Bug 129846 - wrong attach counter of IPC shared memory.
Summary: wrong attach counter of IPC shared memory.
Keywords:
Status: CLOSED WONTFIX
Alias: None
Product: Red Hat Enterprise Linux 3
Classification: Red Hat
Component: kernel
Version: 3.0
Hardware: i386
OS: Linux
medium
high
Target Milestone: ---
Assignee: Dave Anderson
QA Contact:
URL:
Whiteboard:
Depends On:
Blocks:
TreeView+ depends on / blocked
 
Reported: 2004-08-13 10:10 UTC by Fabrizio Muscarella
Modified: 2007-11-30 22:07 UTC (History)
5 users (show)

Fixed In Version:
Doc Type: Bug Fix
Doc Text:
Clone Of:
Environment:
Last Closed: 2007-10-19 19:20:49 UTC
Target Upstream Version:
Embargoed:


Attachments (Terms of Use)
see bug description (2.33 KB, text/plain)
2004-08-13 10:11 UTC, Fabrizio Muscarella
no flags Details
This attachment contains Code altered in various functions in shm.c (7.12 KB, text/plain)
2005-04-02 05:53 UTC, Srividhya
no flags Details

Description Fabrizio Muscarella 2004-08-13 10:10:16 UTC
Description of problem:

I observe a problem in some program's that use 'mprotect' to protect
shared memory.

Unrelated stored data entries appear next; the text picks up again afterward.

(* Let $[x,y]$ be a fixed segment. Any finite union, and any (arbitrary) intersection, of slender adornments with base $[x,y]$ is again a slender adornment with base $[x,y]$.
   Context: An adornment is a compact simply connected region $S\subset\mathbb{R}^2$ together with a segment $[x,y]$, $x\neq y$, whose endpoints lie on the boundary of $S$ and with $[x,y]\subseteq S$ (the base). The boundary of $S$ consists of two arcs from $x$ to $y$ (the sides). The adornment is slender if, for a point $p$ moving along either side from $x$ to $y$, $\|p-x\|$ is nondecreasing and $\|p-y\|$ is nonincreasing. *)

theory Defs
  imports "HOL-Analysis.Analysis"
begin

definition adornment_sides :: "(real^2) set \<Rightarrow> real^2 \<Rightarrow> real^2 \<Rightarrow>
    (real \<Rightarrow> real^2) \<Rightarrow> (real \<Rightarrow> real^2) \<Rightarrow> bool" where
  "adornment_sides S x y g1 g2 \<longleftrightarrow>
     compact S \<and> simply_connected S \<and> x \<noteq> y \<and>
     x \<in> frontier S \<and> y \<in> frontier S \<and> closed_segment x y \<subseteq> S \<and>
     arc g1 \<and> pathstart g1 = x \<and> pathfinish g1 = y \<and>
     arc g2 \<and> pathstart g2 = x \<and> pathfinish g2 = y \<and>
     frontier S = path_image g1 \<union> path_image g2"

definition adornment :: "(real^2) set \<Rightarrow> real^2 \<Rightarrow> real^2 \<Rightarrow> bool" where
  "adornment S x y \<longleftrightarrow> (\<exists>g1 g2. adornment_sides S x y g1 g2)"

definition slender_side :: "(real \<Rightarrow> real^2) \<Rightarrow> real^2 \<Rightarrow> real^2 \<Rightarrow> bool" where
  "slender_side g x y \<longleftrightarrow>
     (\<forall>s\<in>{0..1}. \<forall>t\<in>{0..1}. s \<le> t \<longrightarrow>
        dist (g s) x \<le> dist (g t) x \<and> dist (g t) y \<le> dist (g s) y)"

definition slender_adornment :: "(real^2) set \<Rightarrow> real^2 \<Rightarrow> real^2 \<Rightarrow> bool" where
  "slender_adornment S x y \<longleftrightarrow>
     (\<exists>g1 g2. adornment_sides S x y g1 g2 \<and> slender_side g1 x y \<and> slender_side g2 x y)"

end

theory Submission
  imports Defs "HOL-Complex_Analysis.Cauchy_Integral_Formula"
begin

text \<open>
  Give a point \<open>p\<close> the coordinates \<open>v = |px| - |py|\<close> and \<open>h = \<plusminus>(|px| + |py| - |xy|)\<close>, the sign
  recording the side of the line \<open>xy\<close> on which \<open>p\<close> lies; these are confocal
  (hyperbolic-elliptic) coordinates with foci \<open>x\<close> and \<open>y\<close>.  Slenderness of a side says
  precisely that along it \<open>v\<close> increases and \<open>|h|\<close> changes by at most the change of \<open>v\<close>, so a
  slender side is the graph \<open>h = f v\<close> of a 1-Lipschitz profile on \<open>[-|xy|, |xy|]\<close> vanishing at
  both ends.  Compactness and simple connectivity then force a slender adornment to be exactly the
  region \<open>L v \<le> h \<le> U v\<close> between two such profiles with \<open>L \<le> 0 \<le> U\<close>: a vertical ray
  leaving the set must cross a side, and a Jordan loop made of two pieces of sides only encloses
  points of the set.  Conversely each such region is a slender adornment.  Since minima, maxima and
  arbitrary (nonempty) suprema and infima of profiles are profiles, unions of finitely many and
  intersections of arbitrarily many such regions are again such regions.
\<close>

lemma power2_dist_vec2: "(dist p q)\<^sup>2 = ((p - q)$1)\<^sup>2 + ((p - q)$2)\<^sup>2" for p q :: "real^2"
  by (simp add: dist_norm norm_vec_def L2_set_def sum_2)

lemma add_power2_divide: "(a / c)\<^sup>2 + (b / c)\<^sup>2 = (a\<^sup>2 + b\<^sup>2) / c\<^sup>2" for a b c :: real
  by (simp add: power_divide add_divide_distrib)

lemma sgn_real_sqrt: "sgn (sqrt a) = sgn a"
  by (cases "a \<ge> 0") (auto simp: sgn_if real_sqrt_minus[symmetric])

lemma real_sqrt_sgn_mult: "0 \<le> a \<Longrightarrow> sqrt (sgn b * a) = sgn b * sqrt a"
  by (cases "b > 0"; cases "b = 0") (auto simp: sgn_if real_sqrt_minus)
theorem proposition2p19:
  fixes S :: "(('n::finite \<Rightarrow> 'a::{finite,field}) \<times> ('n \<Rightarrow> 'a)) set"
    and r :: nat
  assumes "stabilizer_group S"
    and "\<forall>i. \<exists>P\<in>S. \<exists>Q\<in>S.
            card (pauli_supp P \<union> pauli_supp Q) \<le> r \<and>
            fst P i = 1 \<and> snd P i = 0 \<and> fst Q i = 0 \<and> snd Q i = 1"
  shows "locally_recoverable (stab_code S) r"
  unfolding locally_recoverable_def
proof
  fix i
  obtain P Q where "P \<in> S" "Q \<in> S" and card: "card (pauli_supp P \<union> pauli_supp Q) \<le> r"
    and at_i: "fst P i = 1" "snd P i = 0" "fst Q i = 0" "snd Q i = 1"
    using assms(2) by blast
  interpret XZ_pair_at "pauli_supp P \<union> pauli_supp Q" i "fst P" "snd P" "fst Q" "snd Q"
    using at_i by unfold_locales (auto simp: pauli_supp_def)
  have fixes_code: "pauli (scale_pauli c (fst R, snd R)) v = v" if "R \<in> S" "v \<in> stab_code S" for R v c
    unfolding prod.collapse
    by (rule pauli_stab_code[OF that(2) scale_pauli_mem_stabilizer_group[OF assms(1) that(1)]])
  have "\<exists>Ks. kraus_channel (pauli_supp P \<union> pauli_supp Q - {i}) (pauli_supp P \<union> pauli_supp Q) Ks
      \<and> (\<forall>\<psi>. code_state (stab_code S) \<psi>
        \<longrightarrow> apply_rec (pauli_supp P \<union> pauli_supp Q) i Ks (reduced (- {i}) \<psi>) = \<psi>)"
    by (rule erasure_recovery_channel) (use fixes_code \<open>P \<in> S\<close> \<open>Q \<in> S\<close> in blast)+
  with i_in_I card show "\<exists>I. i \<in> I \<and> card I \<le> r \<and> (\<exists>Ks. kraus_channel (I - {i}) I Ks
      \<and> (\<forall>\<psi>. code_state (stab_code S) \<psi> \<longrightarrow> apply_rec I i Ks (reduced (- {i}) \<psi>) = \<psi>))"
    by blast
qed
lemma lborel_integral_exp_div_cosh:
  fixes a \<beta> v :: real
  assumes a: "a > 0" and \<beta>: "\<bar>\<beta>\<bar> < a"
  shows "integrable lborel (\<lambda>t. exp_div_cosh a \<beta> v (of_real t))"
    "(LINT t|lborel. exp_div_cosh a \<beta> v (of_real t)) =
       of_real (pi / a) / cosh (of_real (pi / (2 * a)) * (of_real v - \<i> * of_real \<beta>))"
proof -
  define w0 where "w0 = of_real (pi / (2 * a)) * (\<i> * of_real \<beta> - of_real v)"
  define \<Gamma> where "\<Gamma> = {k. 0 \<le> Im k \<and> Im k \<le> pi / a \<and> (Im k = 0 \<or> Im k = pi / a \<or> 1 / a \<le> \<bar>Re k\<bar>)}"
  have cont: "continuous_on \<Gamma> (exp_div_cosh a \<beta> v)"
    unfolding exp_div_cosh_def[abs_def] using exp_div_4_le_norm_cosh_mult[OF a]
    by (intro continuous_intros) (force simp: \<Gamma>_def)
  have decay: "norm (exp_div_cosh a \<beta> v k) \<le> 4 * exp (\<bar>v\<bar> * pi / a) * exp (- (a - \<bar>\<beta>\<bar>) * \<bar>Re k\<bar>)"
    if "k \<in> \<Gamma>" for k
    using that norm_exp_div_cosh_le[OF a, of k \<beta> v] by (simp add: \<Gamma>_def)
  have rect: "(exp_div_cosh a \<beta> v has_contour_integral 2 * pi * exp w0 / a)
      (rectpath (Complex (-T) 0) (Complex T (pi / a)))" if "1 / a < T" for T
    using rectpath_integral_exp_div_cosh[OF a, of T \<beta> v] that a
    by (simp add: w0_def order_le_less_trans[OF _ that])
  have "pi / a > 0" "0 < a - \<bar>\<beta>\<bar>" "0 \<le> 1 / a" using a \<beta> by auto
  note lines = lborel_integral_horizontal_lines_diff[OF this cont[unfolded \<Gamma>_def] decay[unfolded \<Gamma>_def] rect]
  have line: "Complex t 0 = of_real t" "Complex t (pi / a) = of_real t + \<i> * of_real (pi / a)" for t
    by (simp_all add: complex_eq_iff)
  show "integrable lborel (\<lambda>t. exp_div_cosh a \<beta> v (of_real t))"
    using lines(1) unfolding line .
  define I where "I = (LINT t|lborel. exp_div_cosh a \<beta> v (of_real t))"
  have "2 * w0 = of_real (pi / a) * (\<i> * of_real \<beta> - of_real v)"
    by (simp add: w0_def)
  then have top: "exp_div_cosh a \<beta> v (Complex t (pi / a)) =
      - exp (2 * w0) * exp_div_cosh a \<beta> v (of_real t)" for t
    unfolding line(2) exp_div_cosh_add_pi_i[OF a] by simp
  \<comment> \<open>The top side of the rectangle is the integral itself times \<open>- exp (2 * w0)\<close>.\<close>
  have "I * (1 + exp (2 * w0)) = 2 * pi * exp w0 / a"
    using lines(3) by (simp add: line(1) top I_def algebra_simps)
  also have "1 + exp (2 * w0) = 2 * exp w0 * cosh w0"
    by (simp add: cosh_field_def field_simps exp_minus mult_exp_exp)
  finally have "(2 * exp w0) * (I * cosh w0) = (2 * exp w0) * of_real (pi / a)"
    by (simp add: ac_simps)
  then have "I * cosh w0 = of_real (pi / a)"
    by (subst (asm) mult_left_cancel) auto
  moreover have "cosh w0 \<noteq> 0"
  proof (rule cosh_nonzero_narrow)
    have "\<bar>Im w0\<bar> = pi / (2 * a) * \<bar>\<beta>\<bar>" using a by (simp add: w0_def abs_mult)
    also have "\<dots> < pi / (2 * a) * a" using \<beta> a by (intro mult_strict_left_mono) auto
    finally show "\<bar>Im w0\<bar> < pi / 2" using a by simp
  qed
  ultimately have "I = of_real (pi / a) / cosh w0"
    by (metis nonzero_eq_divide_eq)
  also have "cosh w0 = cosh (of_real (pi / (2 * a)) * (of_real v - \<i> * of_real \<beta>))"
  proof -
    have "- w0 = of_real (pi / (2 * a)) * (of_real v - \<i> * of_real \<beta>)"
      by (simp only: w0_def mult_minus_right[symmetric] minus_diff_eq)
    then show ?thesis by (metis cosh_minus)
  qed
  finally show "I = of_real (pi / a) / cosh (of_real (pi / (2 * a)) * (of_real v - \<i> * of_real \<beta>))" .
qed

section \<open>The sech kernel\<close>

definition sech_kernel :: "real \<Rightarrow> complex \<Rightarrow> complex" where
  "sech_kernel a z = 1 / (4 * of_real a * cosh (of_real (pi / (2 * a)) * z))"

lemma sech_kernel_add_2ai:
  assumes "a > 0"
  shows "sech_kernel a (z + 2 * \<i> * of_real a) = - sech_kernel a z"
proof -
  have "of_real (pi / (2 * a)) * (z + 2 * \<i> * of_real a) = of_real (pi / (2 * a)) * z + \<i> * of_real pi"
    using assms by (simp add: field_simps)
  then show ?thesis by (simp add: sech_kernel_def cosh_add_pi_i)
qed

lemma norm_sech_kernel:
  "a > 0 \<Longrightarrow> norm (sech_kernel a z) = 1 / (4 * a * norm (cosh (of_real (pi / (2 * a)) * z)))"
  by (simp add: sech_kernel_def norm_divide norm_mult)

lemma cos_pi_mult_div_pos:
  assumes "0 \<le> b" "b < a"
  shows "0 < cos (pi * b / (2 * a))"
proof (rule cos_gt_zero_pi)
  show "pi * b / (2 * a) < pi / 2"
    using mult_strict_left_mono[of "b / a" 1 "pi / 2"] assms by simp
  show "- (pi / 2) < pi * b / (2 * a)"
    using assms by (intro less_le_trans[OF _ divide_nonneg_pos]) auto
qed

lemma norm_sech_kernel_le_narrow:
  assumes a: "a > 0" and b: "b < a" "\<bar>Im z\<bar> \<le> b"
  shows "norm (sech_kernel a z) \<le> exp (- (pi / (2 * a)) * \<bar>Re z\<bar>) / (2 * a * cos (pi * b / (2 * a)))"
proof -
  define u where "u = of_real (pi / (2 * a)) * z"
  define \<theta> where "\<theta> = pi * b / (2 * a)"
  have Re_u: "\<bar>Re u\<bar> = pi / (2 * a) * \<bar>Re z\<bar>" and Im_u: "\<bar>Im u\<bar> = pi / (2 * a) * \<bar>Im z\<bar>"
    using a by (simp_all add: u_def abs_mult)
  have "\<bar>Im u\<bar> \<le> \<theta>"
    unfolding Im_u \<theta>_def using mult_left_mono[OF b(2), of "pi / (2 * a)"] a by simp
  moreover have "0 < cos \<theta>"
    unfolding \<theta>_def using b by (intro cos_pi_mult_div_pos) auto
  moreover have "\<theta> \<le> pi"
    using mult_left_mono[of b a pi] a b by (simp add: \<theta>_def field_simps)
  ultimately have cos: "0 < cos \<theta>" "cos \<theta> \<le> \<bar>cos (Im u)\<bar>"
    using cos_monotone_0_pi_le[of "\<bar>Im u\<bar>" \<theta>] cos_abs_real[of "Im u"] by auto
  have "exp \<bar>Re u\<bar> * cos \<theta> \<le> 2 * cosh (Re u) * \<bar>cos (Im u)\<bar>"
    using mult_mono[OF exp_abs_le_2_cosh cos(2)] cos(1) by simp
  also have "\<dots> \<le> 2 * norm (cosh u)"
    using cosh_Re_mult_abs_cos_le_norm_cosh[of u] by simp
  finally have "norm (sech_kernel a z) \<le> 1 / (4 * a * (exp \<bar>Re u\<bar> * cos \<theta> / 2))"
    unfolding norm_sech_kernel[OF a] u_def[symmetric] using a cos
    by (intro frac_le) (simp_all add: ac_simps)
  also have "\<dots> = exp (- (pi / (2 * a)) * \<bar>Re z\<bar>) / (2 * a * cos \<theta>)"
    by (simp add: Re_u exp_minus field_simps)
  finally show ?thesis unfolding \<theta>_def .
qed

lemma norm_sech_kernel_le_far:
  assumes a: "a > 0" and z: "2 * a / pi \<le> \<bar>Re z\<bar>"
  shows "norm (sech_kernel a z) \<le> exp (- (pi / (2 * a)) * \<bar>Re z\<bar>) / a"
proof -
  define u where "u = of_real (pi / (2 * a)) * z"
  have Re_u: "\<bar>Re u\<bar> = pi / (2 * a) * \<bar>Re z\<bar>"
    using a by (simp add: u_def abs_mult)
  have "1 \<le> \<bar>Re u\<bar>"
    unfolding Re_u using mult_left_mono[OF z, of "pi / (2 * a)"] a by simp
  then have "exp \<bar>Re u\<bar> / 4 \<le> norm (cosh u)"
    using exp_abs_le_4_abs_sinh abs_sinh_Re_le_norm_cosh[of u] by fastforce
  then have "norm (sech_kernel a z) \<le> 1 / (4 * a * (exp \<bar>Re u\<bar> / 4))"
    unfolding norm_sech_kernel[OF a] u_def[symmetric] using a
    by (intro frac_le) simp_all
  also have "\<dots> = exp (- (pi / (2 * a)) * \<bar>Re z\<bar>) / a"
    by (simp add: Re_u exp_minus field_simps)
  finally show ?thesis .
qed

lemma holomorphic_on_sech_kernel [holomorphic_intros]:
  assumes "f holomorphic_on A" "a > 0" "\<And>z. z \<in> A \<Longrightarrow> \<bar>Im (f z)\<bar> < a"
  shows "(\<lambda>z. sech_kernel a (f z)) holomorphic_on A"
proof -
  have "cosh (of_real (pi / (2 * a)) * f z) \<noteq> 0" if "z \<in> A" for z
    using assms(2) assms(3)[OF that] by (intro cosh_nonzero_narrow) (simp add: abs_mult field_simps)
  then show ?thesis
    unfolding sech_kernel_def using assms by (intro holomorphic_intros) auto
qed

lemma continuous_on_sech_kernel:
  assumes "a > 0" "\<And>z. z \<in> A \<Longrightarrow> \<bar>Im z\<bar> < a"
  shows "continuous_on A (sech_kernel a)"
  using holomorphic_on_sech_kernel[of "\<lambda>z. z" A a] assms
  by (auto intro: holomorphic_on_imp_continuous_on)
(* With the convention $W_0(t)=2$, the generating function $W(t,z)=\sum_{n\ge 0}W_n(t)z^n$ is \[ W(t,z)=\frac{2-2z^2}{1-z-2z^2-2(t-1)z^3}. \]
   Context: Seating model. A circular table has $n\ge 1$ seats, with exactly one napkin between each pair of adjacent seats ($n$ napkins in total). "Left" and "right" are from the perspective of a seated diner. Diners $1,\dots,n$ arrive in this order and a maitre d' chooses a seat for each. A preference order is $\sigma=(\sigma_1,\dots,\sigma_n)\in\{-1,1\}^n$, where $\sigma_j=+1$ means diner $j$ prefers the napkin on their right and $\sigma_j=-1$ the napkin on their left. When diner $j$ is seated, they take their preferred adjacent napkin if it is still on the table; otherwise the other adjacent napkin if still on the table; otherwise they are napkinless. The maitre d' observes which napkin each seated diner takes. The "previous diner" means the most recently seated diner. Algorithm $W$ (trap setting). Seat diner 1; the primary direction $d\in\{\text{left},\text{right}\}$ is the side of the napkin diner 1 takes. All movement below is in direction $d$. (W1) If the two seats at distance 1 and 2 in direction $d$ from the previous diner's seat are both empty, go to W2; otherwise go to W4. (W2) If the previous diner took the napkin on their side $d$, seat the next diner two seats in direction $d$ from the previous diner and return to W1; otherwise go to W3. (W3) Seat the next diner one seat in direction $d$ from the previous diner and return to W1. (W4) Seat all remaining diners, one at a time in order of arrival, in the empty seats, in the order in which these seats are encountered moving in direction $d$ starting from diner 1's seat. For $n\ge1$, $\nu_W(\sigma)$ is the number of napkinless diners when the $n$ diners with preference order $\sigma$ are seated at the circular table with $n$ seats by algorithm $W$, and $W_n(t)=\sum_{\sigma\in\{-1,1\}^n}t^{\nu_W(\sigma)}$. *)

theory Defs
  imports Main "HOL-Computational_Algebra.Formal_Power_Series"
begin

text \<open>Napkin i lies between seat i and seat (i+1) mod n.
  For a diner at seat s, the right napkin is napkin s and the left napkin is napkin (s+n-1) mod n.  Preferences are +1 (right) / -1 (left).\<close>

definition mv :: "nat \<Rightarrow> nat \<Rightarrow> int \<Rightarrow> nat \<Rightarrow> nat" where
  "mv n s d k = nat ((int s + d * int k) mod int n)"

definition side_nap :: "nat \<Rightarrow> int \<Rightarrow> nat \<Rightarrow> nat" where
  "side_nap n d s = (if d = 1 then s else (s + n - 1) mod n)"

definition take_napkin :: "nat \<Rightarrow> nat set \<Rightarrow> nat \<Rightarrow> int \<Rightarrow> nat option" where
  "take_napkin n T s p =
     (let pr = side_nap n p s; ot = side_nap n (- p) s in
      if pr \<notin> T then Some pr else if ot \<notin> T then Some ot else None)"

text \<open>Seat for the next diner, given occupied seats Occ, previous seat s, napkin taken by the previous
  diner pn, and whether we are already in step W4.  Returns the seat and the new W4 flag.\<close>
definition next_seat :: "nat \<Rightarrow> int \<Rightarrow> nat set \<Rightarrow> nat \<Rightarrow> nat option \<Rightarrow> bool \<Rightarrow> nat \<times> bool" where
  "next_seat n d Occ s pn w4 =
     (if \<not> w4 \<and> mv n s d 1 \<notin> Occ \<and> mv n s d 2 \<notin> Occ
      then (if pn = Some (side_nap n d s) then mv n s d 2 else mv n s d 1, False)
      else (mv n 0 d (LEAST k. 1 \<le> k \<and> mv n 0 d k \<notin> Occ), True))"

The type of shared memory is IPC shared memory.

Version-Release number of selected component (if applicable):
I tested on different versions RHEL 3, 2.1, fedora core 2 and the same
error are reproduceable in every system. 


How reproducible:
To reproduce the error just use the attached program

 

Steps to Reproduce:
1. Compile it with 'gcc -o ipc_bug main.c' and 
2. Start the program ./ipc_bug.
3. Then in a separate console just call 'ipcs -m' or 'cat   
/proc/sysvipc/shm.
  
Actual results:
You will observe the 'nattch' column is equal to the number of call to
'mprotect', so if mprotect is called 20 times
the 'nattch' value is 21 (1 for the real attach process)

Expected results:
Should be 1.

Additional info:
This value is important for some program because they check this 
value and if the value aren't 0 the don't remove the Shared Memory
Segment.

Comment 1 Fabrizio Muscarella 2004-08-13 10:11:43 UTC
Created attachment 102691 [details]
see bug description

Comment 2 Srividhya 2005-04-02 05:53:33 UTC
Created attachment 112609 [details]
This attachment contains Code altered in various functions in shm.c

This attachment is a plain text which contains the code altered in shm_inc() ,
shmat() , shm_close() routines.

The bug description says that when ever mprotect is used to protect the shared
memory the nattch counter shows wrong values.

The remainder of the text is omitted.